Fig. 3 |. Genomic deletion of UNC13A CE rescues synaptic function following TDP-43 knockdown.

a, Immunofluorescence labelling of synapsin and UNC13A pre-synaptic terminals in 4-week old HaloTDP and UNC13A CE Del iNeurons grown on rat astrocytes following 2-weeks of TDP-43 knockdown. Scale bar = 10 μm. b, Quantification of UNC13A intensity at synapsin positive synaptic terminals. Control n=71, TDP-43 knockdown n=71, CE Del n=66, CE Del TDP-43 knockdown n=75 synapses from 3 experiments. c, Representative mEPSC traces and average amplitude traces. d, Quantification of mEPSC frequency and inter-event interval cumulative distributions from control n=17, TDP-43 knockdown n=22, CE Del n=15, CE Del TDP-43 knockdown n=28 iNeurons pooled from 3 experiments. e, Representative raster plots from D39 multi-electrode array recordings from control, TDP-43 knockdown, CE Del, and CE Del TDP-43 knockdown conditions (30s window shown). Electrode bursts in blue and network bursts in pink. f, Time-course of network synchrony measured by the area under the normalised electrode cross correlation with TDP-43 knockdown conditions normalised to each control n=24 wells from 4 experiments. Graphs for (b) (d) (f) represent mean ± s.e.m. Statistics for (b) and (d) are one-way ANOVAs with Dunnet’s multiple comparisons test, statistics for (f) is a paired t test. *P < 0.05; ** P <0.01.

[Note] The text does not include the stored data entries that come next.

text \<open>Hermite's identity: \<open>e\<^sup>-\<^sup>z F(z)\<close> has derivative \<open>-e\<^sup>-\<^sup>z f(z)\<close> for \<open>F = pderiv_sum f\<close>.\<close>
lemma norm_pderiv_sum_diff_le:
  fixes f :: "complex poly" and \<theta> :: complex
  assumes B: "\<And>z. z \<in> closed_segment 0 \<theta> \<Longrightarrow> norm (exp (- z) * poly f z) \<le> B"
  shows "norm (poly (pderiv_sum f) \<theta> - exp \<theta> * poly (pderiv_sum f) 0) \<le> exp (norm \<theta>) * B * norm \<theta>"
proof -
  define G where "G z = exp (- z) * poly (pderiv_sum f) z" for z
  have "(G has_field_derivative (- (exp (- z) * poly f z))) (at z within closed_segment 0 \<theta>)" for z
  proof -
    have "(G has_field_derivative (exp (- z) * (poly (pderiv (pderiv_sum f)) z - poly (pderiv_sum f) z))) (at z)"
      unfolding G_def by (auto intro!: derivative_eq_intros poly_DERIV simp: algebra_simps)
    also have "poly (pderiv (pderiv_sum f)) z - poly (pderiv_sum f) z = - poly f z"
      by (subst (2) pderiv_sum_eq) simp
    finally show ?thesis by (simp add: has_field_derivative_at_within)
  qed
  then have "norm (G \<theta> - G 0) \<le> B * norm (\<theta> - 0)"
    by (rule field_differentiable_bound[OF convex_closed_segment]) (use B in auto)
  moreover have "poly (pderiv_sum f) \<theta> - exp \<theta> * poly (pderiv_sum f) 0 = exp \<theta> * (G \<theta> - G 0)"
    unfolding G_def by (simp add: exp_minus field_simps)
  ultimately have "norm (poly (pderiv_sum f) \<theta> - exp \<theta> * poly (pderiv_sum f) 0) =
      norm (exp \<theta>) * norm (G \<theta> - G 0)"
    by (simp add: norm_mult)
  also have "\<dots> \<le> exp (norm \<theta>) * (B * norm \<theta>)"
    using \<open>norm (G \<theta> - G 0) \<le> B * norm (\<theta> - 0)\<close> by (intro mult_mono[OF norm_exp]) auto
  finally show ?thesis by (simp add: mult.assoc)
qed

section \<open>Niven's polynomials\<close>

definition int_multiples :: "nat \<Rightarrow> 'a :: comm_ring_1 set" where
  "int_multiples p = {of_nat p * z | z. z \<in> \<int>}"

lemma int_multiplesI: "z \<in> \<int> \<Longrightarrow> x = of_nat p * z \<Longrightarrow> x \<in> int_multiples p"
  unfolding int_multiples_def by auto

lemma int_multiples_0: "0 \<in> int_multiples p"
  by (rule int_multiplesI[of 0]) auto

lemma int_multiples_add:
  assumes "x \<in> int_multiples p" "y \<in> int_multiples p"
  shows "x + y \<in> int_multiples p"
proof -
  obtain a b where "a \<in> \<int>" "b \<in> \<int>" "x = of_nat p * a" "y = of_nat p * b"
    using assms unfolding int_multiples_def by blast
  then show ?thesis by (intro int_multiplesI[of "a + b"]) (simp_all add: distrib_left)
qed

lemma int_multiples_sum: "(\<And>i. i \<in> I \<Longrightarrow> f i \<in> int_multiples p) \<Longrightarrow> sum f I \<in> int_multiples p"
  by (induction I rule: infinite_finite_induct) (auto intro: int_multiples_0 int_multiples_add)
(* Fix $D,\alpha,\theta>0$. There is a constant $C=C(D,\alpha,\theta)$ such that for every finite connected graph $G$ on $n$ vertices satisfying (bal), (mix), (esc) with parameters $D,\alpha,\theta$ (with $n$ sufficiently large), the following holds. Let $u$ be a $\pi$-distributed vertex and, given $u$, let $X,Y$ be two independent lazy random walks started at $u$. Then for every vertex $v$, $$\mathbb E\left[\,\left|\{(i,j):0\le i,j\le r,\ X_i=Y_j=v\}\right|\,\right]\le \frac{C}{n}.$$
   Context: For a finite connected graph $G=(V,E)$ with $n$ vertices, $d(v)$ is the degree of $v$, $\delta(G),\Delta(G)$ are the minimum and maximum degrees. The lazy random walk $(X_t)$ on $G$ at each step stays put with probability $1/2$ and otherwise moves along a uniformly chosen edge incident to the current vertex. Write $\mathbf p^t(u,v)=\Pr_u(X_t=v)$ and $\pi(v)=d(v)/(2|E|)$. The uniform mixing time is $t_{\mathrm{mix}}(G)=\min\{t\ge0:\max_{u,v\in V}|\mathbf p^t(u,v)/\pi(v)-1|\le 1/2\}$, and the bubble sum is $\mathcal B(G)=\sum_{t=0}^{t_{\mathrm{mix}}(G)}(t+1)\sup_{v}\mathbf p^t(v,v)$. Assumptions with parameters $D,\alpha,\theta>0$: (bal) $\Delta(G)/\delta(G)\le D$; (mix) $t_{\mathrm{mix}}(G)\le n^{1/2-\alpha}$; (esc) $\mathcal B(G)\le\theta$. The run time is $r=n^{1/2-\alpha/3}$ (rounded to an integer). *)

theory Defs
  imports Complex_Main
begin

definition simple_graph :: "nat set \<Rightarrow> (nat \<Rightarrow> nat \<Rightarrow> bool) \<Rightarrow> bool" where
  "simple_graph V E \<longleftrightarrow> finite V \<and> V \<noteq> {} \<and>
     (\<forall>x y. E x y \<longrightarrow> x \<in> V \<and> y \<in> V) \<and>
     (\<forall>x y. E x y \<longrightarrow> E y x) \<and> (\<forall>x. \<not> E x x)"

definition graph_connected :: "nat set \<Rightarrow> (nat \<Rightarrow> nat \<Rightarrow> bool) \<Rightarrow> bool" where
  "graph_connected V E \<longleftrightarrow> (\<forall>x\<in>V. \<forall>y\<in>V. E\<^sup>*\<^sup>* x y)"

definition deg :: "nat set \<Rightarrow> (nat \<Rightarrow> nat \<Rightarrow> bool) \<Rightarrow> nat \<Rightarrow> nat" where
  "deg V E x = card {y \<in> V. E x y}"
definition Sat_CX :: "nat \<Rightarrow> nat \<Rightarrow> 'p set \<Rightarrow> ('p \<Rightarrow> 'v set) \<Rightarrow> ('p \<times> 'v) pform \<Rightarrow> ('p, 'v) cvar pform" where
  "Sat_CX N t P d phi =
    (let Ns = [1..<Suc N]; Ta = list_of (allowed_tuples P d phi t) in
     Conj [
       \<comment> \<open>(X)\<close>
       Conj [exactly_one [Atom (X i p v). v \<leftarrow> list_of (d p)]. i \<leftarrow> Ns, p \<leftarrow> list_of P],
       \<comment> \<open>(C)\<close>
       Conj [Disj [Atom (C i \<tau>). i \<leftarrow> Ns]. \<tau> \<leftarrow> Ta],
       \<comment> \<open>(CX)\<close>
       Conj [PImp (Atom (C i \<tau>)) (Atom (X i (fst pv) (snd pv))). i \<leftarrow> Ns, \<tau> \<leftarrow> Ta, pv \<leftarrow> list_of \<tau>],
       \<comment> \<open>(SUTX)\<close>
       Conj [map_pform (\<lambda>(p, v). X i p v) phi. i \<leftarrow> Ns]])"

end

(* A model of Sat_CX is read row by row: by (X) the variables x_{i,p,v} define a total
   assignment for each i, by (SUTX) that assignment is a test case, and by (C) and (CX) every
   allowed tuple is covered by a row i with c^i_tau true. Conversely, a covering array yields
   the model that sets x_{i,p,v} according to row i and c^i_tau iff row i covers tau. *)

theory Submission
  imports Defs
begin

lemma peval_map_pform: "peval \<alpha> (map_pform f \<phi>) = peval (\<alpha> \<circ> f) \<phi>"
  by (induction \<phi>) auto

lemma peval_cong: "(\<And>a. a \<in> set_pform \<phi> \<Longrightarrow> \<alpha> a = \<beta> a) \<Longrightarrow> peval \<alpha> \<phi> = peval \<beta> \<phi>"
  by (induction \<phi>) auto

lemma
  assumes "finite A"
  shows set_list_of: "set (list_of A) = A" and distinct_list_of: "distinct (list_of A)"
  using someI_ex[OF finite_distinct_list[OF assms]] unfolding list_of_def by auto

lemma peval_exactly_one:
  "peval \<alpha> (exactly_one fs) \<longleftrightarrow> (\<exists>f\<in>set fs. peval \<alpha> f) \<and>
     (\<forall>j k. j < k \<and> k < length fs \<longrightarrow> \<not> (peval \<alpha> (fs ! j) \<and> peval \<alpha> (fs ! k)))"
  by (auto simp: exactly_one_def)

lemma distinct_nth_pairwise_iff:
  assumes "distinct xs"
  shows "(\<forall>j k. j < k \<and> k < length xs \<longrightarrow> Q (xs ! j) \<longrightarrow> \<not> Q (xs ! k))
    \<longleftrightarrow> (\<forall>x\<in>set xs. \<forall>y\<in>set xs. Q x \<and> Q y \<longrightarrow> x = y)"
proof
  assume pairs: "\<forall>j k. j < k \<and> k < length xs \<longrightarrow> Q (xs ! j) \<longrightarrow> \<not> Q (xs ! k)"
  show "\<forall>x\<in>set xs. \<forall>y\<in>set xs. Q x \<and> Q y \<longrightarrow> x = y"
  proof (intro ballI impI)
    fix x y assume "x \<in> set xs" "y \<in> set xs" and xy: "Q x \<and> Q y"
    then obtain j k where "j < length xs" "k < length xs" "xs ! j = x" "xs ! k = y"
      by (meson in_set_conv_nth)
    with pairs xy show "x = y"
      by (metis linorder_neqE_nat)
  qed
next
  assume "\<forall>x\<in>set xs. \<forall>y\<in>set xs. Q x \<and> Q y \<longrightarrow> x = y"
  then show "\<forall>j k. j < k \<and> k < length xs \<longrightarrow> Q (xs ! j) \<longrightarrow> \<not> Q (xs ! k)"
    using assms by (metis nth_mem nth_eq_iff_index_eq less_trans less_irrefl)
qed
lemma limitin_weak_top_setwise:
  fixes \<nu>s :: "nat \<Rightarrow> 'b::topological_space measure"
  assumes prob: "\<And>n. \<nu>s n \<in> prob_measures" "\<nu> \<in> prob_measures"
    and conv: "\<And>B. B \<in> sets borel \<Longrightarrow> (\<lambda>n. measure (\<nu>s n) B) \<longlonglongrightarrow> measure \<nu> B"
  shows "limitin weak_top \<nu>s \<nu> sequentially"
proof -
  have measures: "prob_space (\<nu>s n)" "prob_space \<nu>" "sets (\<nu>s n) = sets \<nu>" "sets \<nu> = sets borel" for n
    using prob by (simp_all add: prob_measures_def)
  have integral_conv: "(\<lambda>n. \<integral>y. g y \<partial>\<nu>s n) \<longlonglongrightarrow> (\<integral>y. g y \<partial>\<nu>)"
    if "continuous_on UNIV g" "bounded (range g)" for g :: "'b \<Rightarrow> real"
  proof -
    obtain C where "\<And>y. \<bar>g y\<bar> \<le> C"
      using \<open>bounded (range g)\<close> unfolding bounded_real by auto
    moreover have "g \<in> borel_measurable \<nu>"
      using borel_measurable_continuous_onI[OF that(1)] measurable_cong_sets[OF measures(4) refl] by blast
    ultimately show ?thesis
      using conv measures(1-3) by (intro tendsto_integral_setwise) (simp_all add: measures(4))
  qed
  let ?S = "{{\<nu> \<in> prob_measures. (\<integral>y. g y \<partial>\<nu>) \<in> U} | g U.
    continuous_on UNIV (g :: 'b \<Rightarrow> real) \<and> bounded (range g) \<and> open U}"
  show ?thesis
    unfolding weak_top_def
  proof (rule limitin_topology_generated_by)
    have "\<nu> \<in> topspace weak_top"
      using prob(2) topspace_weak_top by blast
    then show "\<nu> \<in> \<Union> ?S"
      by (simp only: weak_top_def topology_generated_by_topspace)
  next
    fix s assume "s \<in> ?S" and "\<nu> \<in> s"
    from \<open>s \<in> ?S\<close> show "\<forall>\<^sub>F n in sequentially. \<nu>s n \<in> s"
    proof (elim CollectE exE conjE)
      fix g :: "'b \<Rightarrow> real" and U :: "real set"
      assume s: "s = {\<nu> \<in> prob_measures. (\<integral>y. g y \<partial>\<nu>) \<in> U}"
        and g: "continuous_on UNIV g" "bounded (range g)" and "open U"
      have "(\<integral>y. g y \<partial>\<nu>) \<in> U"
        using \<open>\<nu> \<in> s\<close> s by simp
      then have "\<forall>\<^sub>F n in sequentially. (\<integral>y. g y \<partial>\<nu>s n) \<in> U"
        by (rule topological_tendstoD[OF integral_conv[OF g] \<open>open U\<close>])
      then show ?thesis
        by eventually_elim (simp add: s prob(1))
    qed
  qed
qed

subsection \<open>Countable discrete spaces\<close>

lemma countable_obtain_finite_measure_compl_less:
  fixes M :: "'a::countable measure"
  assumes "finite_measure M" and sets: "sets M = sets (count_space UNIV)" and "d > 0"
  obtains F where "finite F" "measure M (- F) < d"
proof -
  define A where "A N = - (from_nat ` {..<N} :: 'a set)" for N
  have "(\<lambda>N. measure M (A N)) \<longlonglongrightarrow> measure M (\<Inter>N. A N)"
    by (rule finite_measure.finite_Lim_measure_decseq) (auto simp: assms(1) sets A_def decseq_def)
  moreover have "x \<notin> A (Suc (to_nat x))" for x
    unfolding A_def by (auto intro!: image_eqI[of _ _ "to_nat x"])
  then have "(\<Inter>N. A N) = {}"
    by blast
  ultimately have "(\<lambda>N. measure M (A N)) \<longlonglongrightarrow> 0"
    by simp
  then have "\<forall>\<^sub>F N in sequentially. measure M (A N) < d"
    using \<open>d > 0\<close> by (rule order_tendstoD)
  then obtain N where "measure M (A N) < d"
    unfolding eventually_sequentially by blast
  then show ?thesis
    using that[of "from_nat ` {..<N}"] by (simp add: A_def)
qed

Fig. 4 |. ASO mediated correction of UNC13A CE rescues synaptic function following TDP-43 knockdown.

a, Schematic of UNC13A cryptic exon. b, RT-PCR analysis of UNC13A splicing in HaloTDP iNeurons shows 21nt ASOs prevent cryptic splicing after TDP-43 knockdown with quantification of results n=4 biological replicates from 2 experiments. c, Western blot analysis shows rescue of UNC13A protein following 21nt ASO treatment after TDP-43 KD with quantification. n=4 biological replicates from 2 experiments. d, Quantification of UNC13A intensity at synapsin positive synaptic terminals in TDP-43 knockdown iNeurons treated with MOE CTRL ASO (n=88) and M21–4 ASO (n=96). Scale bar = 10 μm. e, RT-PCR analysis of UNC13A splicing in HaloTDP iNeurons shows 18 nt ASOs prevent cryptic splicing after TDP-43 knockdown with quantification of results n=4 biological replicates from 2 experiments. f, Western blot analysis shows rescue of UNC13A protein following 18 nt ASO treatment after TDP-43 KD with quantification. n=4 biological replicates from 2 experiments. g, Representative mEPSCs traces and average mEPSCs traces from TDP-43 KD iNeurons treated with MOE CTRL ASO (n=17) and M21–4 ASO (n=18). h, Quantification of mEPSC frequency and inter-event interval cumulative distributions. i, Representative mEPSCs traces and average mEPSCs traces from TDP-43 KD iNeurons treated with CTRL ASO (n=19) and M18–17 ASO (n=19). j, Quantification of mEPSC frequency and inter-event interval cumulative distributions. Graphs for (b) (c) (d) (e) (f) (h) and (j) represent mean ± s.e.m. Statistics for (b) (c) (e) and (f) are One-way ANOVA with Tukey multiple comparison test. Statistics for (d) (h) and (j) are two-sided Student’s t test. *P < 0.05; ** P <0.01; *** P <0.001; **** P < 0.0001; ns (not significant).